Saved entries:
★ ★ ★

text \<open>Resampling one example changes a step by at most 2 \<xi> / b per hit of that example in the
  batch, and a uniformly drawn batch hits it b / n times on average.\<close>
lemma nn_integral_opt_step_diff_le:
  assumes g_bound: "\<And>\<theta> z. norm (g \<theta> z) \<le> \<xi>" and "1 \<le> b" "b \<le> n"
    and "prob_space W" and "j < t" and "neighbours n S S'"
  shows "(\<integral>\<^sup>+\<omega>. ennreal (norm (opt_step g b S (snd \<omega> j) (X \<omega>) - opt_step g b S' (snd \<omega> j) (X \<omega>)))
            \<partial>alg_space W t b n) \<le> ennreal (2 * \<xi> / n)"
proof -
  define D where "D = {d. S ! d \<noteq> S' ! d}"
  have "0 \<le> \<xi>" by (rule order_trans[OF norm_ge_zero g_bound])
  have "card ({..<n} \<inter> D) \<le> 1"
    using \<open>neighbours n S S'\<close> unfolding neighbours_def D_def by (simp add: Int_def conj_commute)
  then have "real b * card ({..<n} \<inter> D) \<le> b"
    by (simp add: mult_left_le)
  then have hits: "b * card ({..<n} \<inter> D) / n \<le> b / n"
    by (simp add: divide_right_mono)
  have "(\<integral>\<^sup>+\<omega>. ennreal (norm (opt_step g b S (snd \<omega> j) (X \<omega>) - opt_step g b S' (snd \<omega> j) (X \<omega>)))
            \<partial>alg_space W t b n)
      \<le> (\<integral>\<^sup>+\<omega>. ennreal (2 * \<xi> / b) * ennreal (\<Sum>i<b. indicator D (snd \<omega> j i)) \<partial>alg_space W t b n)"
    using norm_opt_step_diff_le[of g \<xi> b S _ _ S', OF g_bound, folded D_def] \<open>0 \<le> \<xi>\<close>
    by (intro nn_integral_mono) (auto simp: ennreal_mult'[symmetric] intro!: ennreal_leI)
  also have "\<dots> = ennreal (2 * \<xi> / b) * ennreal (b * card ({..<n} \<inter> D) / n)"
  proof -
    have "(\<lambda>\<omega>. ennreal (\<Sum>i<b. indicator D (snd \<omega> j i))) \<in> borel_measurable (alg_space W t b n)"
      unfolding alg_space_def by (rule measurable_compose[OF measurable_snd]) simp
    moreover have "1 \<le> n" using assms by simp
    ultimately show ?thesis
      using nn_integral_alg_space_snd[OF \<open>prob_space W\<close>, where h="\<lambda>\<Gamma>. ennreal (\<Sum>i<b. indicator D (\<Gamma> j i))"]
      by (simp add: nn_integral_cmult nn_integral_batch_hits[OF \<open>j < t\<close>])
  qed
  also have "\<dots> \<le> ennreal (2 * \<xi> / b) * ennreal (b / n)"
    using hits by (intro mult_left_mono ennreal_leI) simp_all
  also have "\<dots> = ennreal (2 * \<xi> / n)"
    using \<open>0 \<le> \<xi>\<close> \<open>1 \<le> b\<close> by (simp add: ennreal_mult'[symmetric])
  finally show ?thesis .
qed

lemma contracting_in_expectation_iterate:
  assumes contr: "contracting_in_expectation P g b t S M \<mu>" and "0 \<le> \<mu>"
    and meas: "\<And>k. X k \<in> borel_measurable P" "\<And>k. Y k \<in> borel_measurable P"
    and adapted: "\<And>k. adapted_before k (X k)" "\<And>k. adapted_before k (Y k)"
    and X_step: "\<And>k \<omega>. a \<le> k \<Longrightarrow> k < t \<Longrightarrow> X (Suc k) \<omega> = opt_step g b S (snd \<omega> k) (X k \<omega>)"
    and Y_step: "\<And>k \<omega>. a \<le> k \<Longrightarrow> k < t \<Longrightarrow> Y (Suc k) \<omega> = opt_step g b S (snd \<omega> k) (Y k \<omega>)"
    and "a \<le> k" "k \<le> t"
  shows "(\<integral>\<^sup>+\<omega>. ennreal (geodist (M k) (X k \<omega>) (Y k \<omega>)) \<partial>P)
       \<le> ennreal (\<mu> ^ (k - a)) * (\<integral>\<^sup>+\<omega>. ennreal (geodist (M a) (X a \<omega>) (Y a \<omega>)) \<partial>P)"
  using \<open>a \<le> k\<close> \<open>k \<le> t\<close>
proof (induction k rule: dec_induct)
  case (step k)
  have "(\<integral>\<^sup>+\<omega>. ennreal (geodist (M (Suc k)) (X (Suc k) \<omega>) (Y (Suc k) \<omega>)) \<partial>P)
      = (\<integral>\<^sup>+\<omega>. ennreal (geodist (M (Suc k)) (opt_step g b S (snd \<omega> k) (X k \<omega>))
                                          (opt_step g b S (snd \<omega> k) (Y k \<omega>))) \<partial>P)"
    using step by (simp add: X_step Y_step)
  also have "\<dots> \<le> ennreal \<mu> * (\<integral>\<^sup>+\<omega>. ennreal (geodist (M k) (X k \<omega>) (Y k \<omega>)) \<partial>P)"
    using contr step meas adapted unfolding contracting_in_expectation_def by simp
  also have "\<dots> \<le> ennreal \<mu> * (ennreal (\<mu> ^ (k - a)) * (\<integral>\<^sup>+\<omega>. ennreal (geodist (M a) (X a \<omega>) (Y a \<omega>)) \<partial>P))"
    using step by (intro mult_left_mono) simp_all
  also have "\<dots> = ennreal (\<mu> ^ (Suc k - a)) * (\<integral>\<^sup>+\<omega>. ennreal (geodist (M a) (X a \<omega>) (Y a \<omega>)) \<partial>P)"
    using step \<open>0 \<le> \<mu>\<close> by (simp add: Suc_diff_le mult.assoc ennreal_mult')
  finally show ?case .
qed simp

★ ★ ★

Problem to solve: Filter the records for lines holding the string "partial". Copy each one.

Answer to this task:
            \<partial>alg_space W t b n) \<le> ennreal (2 * \<xi> / n)"
            \<partial>alg_space W t b n)
      \<le> (\<integral>\<^sup>+\<omega>. ennreal (2 * \<xi> / b) * ennreal (\<Sum>i<b. indicator D (snd \<omega> j i)) \<partial>alg_space W t b n)"
  shows "(\<integral>\<^sup>+\<omega>. ennreal (geodist (M k) (X k \<omega>) (Y k \<omega>)) \<partial>P)
       \<le> ennreal (\<mu> ^ (k - a)) * (\<integral>\<^sup>+\<omega>. ennreal (geodist (M a) (X a \<omega>) (Y a \<omega>)) \<partial>P)"
  have "(\<integral>\<^sup>+\<omega>. ennreal (geodist (M (Suc k)) (X (Suc k) \<omega>) (Y (Suc k) \<omega>)) \<partial>P)
                                          (opt_step g b S (snd \<omega> k) (Y k \<omega>))) \<partial>P)"
  also have "\<dots> \<le> ennreal \<mu> * (\<integral>\<^sup>+\<omega>. ennreal (geodist (M k) (X k \<omega>) (Y k \<omega>)) \<partial>P)"
  also have "\<dots> \<le> ennreal \<mu> * (ennreal (\<mu> ^ (k - a)) * (\<integral>\<^sup>+\<omega>. ennreal (geodist (M a) (X a \<omega>) (Y a \<omega>)) \<partial>P))"
  also have "\<dots> = ennreal (\<mu> ^ (Suc k - a)) * (\<integral>\<^sup>+\<omega>. ennreal (geodist (M a) (X a \<omega>) (Y a \<omega>)) \<partial>P)"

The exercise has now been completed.